One of the entries from the surgeon in 1898 was something like, “I changed the drain to a new site yesterday. Pt much worse today. I fear that may have been a mistake. We’ll see.” Or something like that.

That is very helpful. He’s telling you what he’s observing, and what he’s thinking. Which is very important. In fact, it’s all that really matters.

In today’s legal environment, such thinking is prohibited. Or at least, you keep it to yourself. Which means that honest communication between doctors has been banned, for all intents and purposes. So if I want to know what happened, I have to talk to the doctor personally, off the record, and ask, “Hey, Sarah, you sent an unstable CHF patient home on freakin’ Spironolactone in 24 hours? What’s up?” And she’ll explain. And it will probably make sense. Off the record. Then, and only then, will I know what’s going on.

So it’s like going back to before we had charts. The only way to get any real information is word of mouth. Like in the days before Sanskrit.

So charts work for Medicare reimbursement. Sort of. I guess.
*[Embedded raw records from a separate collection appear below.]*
section \<open>A section of the induced map\<close>

lemma (in group) section_from_twisted_section:
  assumes F: "F \<in> hom H G" and S: "S \<in> hom G H" and u: "u \<in> carrier G"
    and twist: "\<And>y. y \<in> carrier G \<Longrightarrow> F (S y) \<otimes> u = u \<otimes> y"
  shows "\<exists>s\<in>hom G H. \<forall>x\<in>carrier G. F (s x) = x"
proof -
  let ?inner = "\<lambda>x. inv u \<otimes> x \<otimes> u"
  have cancel: "u \<otimes> (inv u \<otimes> z) = z" if "z \<in> carrier G" for z
    using that u by (simp add: m_assoc[symmetric])
  have "?inner \<in> hom G G"
    by (rule homI) (use u cancel in \<open>simp_all add: m_assoc\<close>)
  then have "S \<circ> ?inner \<in> hom G H"
    using S by (rule Group.hom_compose)
  moreover have "F ((S \<circ> ?inner) x) = x" if x: "x \<in> carrier G" for x
  proof -
    have "F (S (?inner x)) \<otimes> u = x \<otimes> u"
      using twist[of "?inner x"] x u cancel by (simp add: m_assoc)
    moreover have "F (S (?inner x)) \<in> carrier G"
      using F S x u by (simp add: hom_in_carrier)
    ultimately show ?thesis
      using x u by simp
  qed
  ultimately show ?thesis
    by blast
qed

lemma induced_map_basepoint_change_conj:
  assumes f: "continuous_map Y X f" and g: "continuous_map X Y g"
    and H: "continuous_map (prod_topology (top_of_set {0..1::real}) X) X H"
    and H0: "\<And>x. H (0, x) = f (g x)" and H1: "\<And>x. H (1, x) = x"
    and \<delta>: "pathin Y \<delta>" "f (\<delta> 0) = a" "\<delta> 1 = g a"
    and y: "y \<in> carrier (fundamental_group X a)"
  defines "u \<equiv> path_class X (pconcat (f \<circ> \<delta>) (\<lambda>t. H (t, a)))"
  shows "induced_map X f (basepoint_change Y \<delta> (induced_map Y g y)) \<otimes>\<^bsub>fundamental_group X a\<^esub> u =
         u \<otimes>\<^bsub>fundamental_group X a\<^esub> y"
proof -
  obtain c where c: "pathin X c" "c 0 = a" "c 1 = a" "y = path_class X c"
    using y by (metis fundamental_group_elem_cases)
  define \<gamma> where "\<gamma> = (\<lambda>t. H (t, a))"
  have \<gamma>: "pathin X \<gamma>" "\<gamma> 0 = f (g a)" "\<gamma> 1 = a"
    using pathin_homotopy_track[OF H path_start_in_topspace[OF c(1)]] c(2) by (simp_all add: \<gamma>_def H0 H1)
  define D where "D = f \<circ> \<delta>"
  define E where "E = f \<circ> (g \<circ> c)"
  have D: "pathin X D" "pathin X (preverse D)" "D 1 = f (g a)"
    using \<delta> f by (simp_all add: D_def pathin_compose pathin_preverse)
  have E: "pathin X E" "E 0 = f (g a)" "E 1 = f (g a)"
    using pathin_compose[OF pathin_compose[OF c(1) g] f] c by (simp_all add: E_def)
  have "induced_map X f (basepoint_change Y \<delta> (induced_map Y g y)) =
        path_class X (pconcat (pconcat D E) (preverse D))"
    using c \<delta> f g
    by (simp add: D_def E_def induced_map_path_class basepoint_change_path_class pathin_compose
        pathin_pconcat pathin_preverse comp_pconcat comp_preverse)
  then have "induced_map X f (basepoint_change Y \<delta> (induced_map Y g y)) \<otimes>\<^bsub>fundamental_group X a\<^esub> u =
        path_class X (pconcat (pconcat (pconcat D E) (preverse D)) (pconcat D \<gamma>))"
    using D E \<gamma> by (simp add: u_def \<gamma>_def[symmetric] D_def[symmetric] class_mult_path_class pathin_pconcat)
  also have "\<dots> = path_class X (pconcat (pconcat D E) \<gamma>)"
    using D E \<gamma> by (intro path_class_eqI homotopic_paths_in_cancel) (auto simp: pathin_pconcat)
  also have "\<dots> = path_class X (pconcat D (pconcat E \<gamma>))"
    using D E \<gamma> by (intro path_class_eqI homotopic_paths_in_assoc) auto
  also have "\<dots> = path_class X (pconcat D (pconcat \<gamma> c))"
  proof (rule path_class_eqI, rule homotopic_paths_in_pconcat[OF homotopic_paths_in_refl])
    show "homotopic_paths_in X (pconcat E \<gamma>) (pconcat \<gamma> c)"
      using homotopic_paths_in_homotopy_square[OF H H0 H1 c(1)] c
      by (simp add: E_def \<gamma>_def comp_def)
  qed (use D E in auto)
  also have "\<dots> = path_class X (pconcat (pconcat D \<gamma>) c)"
    using D \<gamma> c by (intro path_class_eqI homotopic_paths_in_sym[OF homotopic_paths_in_assoc]) auto
  also have "\<dots> = u \<otimes>\<^bsub>fundamental_group X a\<^esub> y"
    using D \<gamma> c by (simp add: u_def \<gamma>_def[symmetric] D_def[symmetric] class_mult_path_class pathin_pconcat)
  finally show ?thesis .
qed

lemma induced_map_has_section:
  assumes f: "continuous_map Y X f" and g: "continuous_map X Y g"
    and fg: "homotopic_with P X X (f \<circ> g) id"
    and Y: "path_connected_space Y" and b: "b \<in> topspace Y"
  shows "\<exists>s\<in>hom (fundamental_group X (f b)) (fundamental_group Y b).
           \<forall>x\<in>carrier (fundamental_group X (f b)). induced_map X f (s x) = x"
proof -
  define a where "a = f b"
  have a: "a \<in> topspace X"
    using f b by (auto simp: a_def continuous_map_def)
  obtain H where H: "continuous_map (prod_topology (top_of_set {0..1::real}) X) X H"
    and H0: "\<And>x. H (0, x) = f (g x)" and H1: "\<And>x. H (1, x) = x"
    using fg unfolding homotopic_with_def by (auto simp: o_def)
  obtain \<delta> where \<delta>: "pathin Y \<delta>" "\<delta> 0 = b" "\<delta> 1 = g a"
    using Y b g a unfolding path_connected_space_def continuous_map_def by blast
  interpret \<pi>\<^sub>1X: group "fundamental_group X a"
    using a by (rule group_fundamental_group)
  have F: "induced_map X f \<in> hom (fundamental_group Y b) (fundamental_group X a)"
    unfolding a_def using f b by (rule induced_map_hom)
  have S: "basepoint_change Y \<delta> \<circ> induced_map Y g \<in> hom (fundamental_group X a) (fundamental_group Y b)"
    using hom_compose[OF induced_map_hom[OF g a] basepoint_change_hom[OF \<delta>(1), unfolded \<delta>(2,3)]] .
  have u: "path_class X (pconcat (f \<circ> \<delta>) (\<lambda>t. H (t, a))) \<in> carrier (fundamental_group X a)"
    using \<delta> f pathin_homotopy_track[OF H a]
    by (intro path_class_in_fundamental_group) (auto simp: a_def H0 H1 pathin_compose pathin_pconcat)
  show ?thesis
    unfolding a_def[symmetric]
    by (rule \<pi>\<^sub>1X.section_from_twisted_section[OF F S u])
       (use induced_map_basepoint_change_conj[OF f g H H0 H1 \<delta>(1) _ \<delta>(3)] \<delta>(2) a_def in auto)
qed

lemma map_biset_set_eq: "map_biset_set X f b (f b) = carrier (fundamental_group X (f b))"
  by (simp add: map_biset_set_def carrier_fundamental_group)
But they don’t work for doctors. Or patients. Or nurses. They have become useless. Worse than useless. They distract nurses and doctors from what used to be the most important part of all this: The patient.

It makes me sad.

That’s why I’m a bleeding-heart conservative. Leftism is heartless. Big government is heartless. Centralized control is heartless. It always is. There is no other way.

I’m not heartless. That’s why I went into medicine to begin with.

I don’t fit in this system.

The system doesn’t care about my concerns, of course. It’s heartless.

My patients do care. But they don’t matter any more than I do.

In a leftist system, all that matters is leftism.

And leftism is heartless.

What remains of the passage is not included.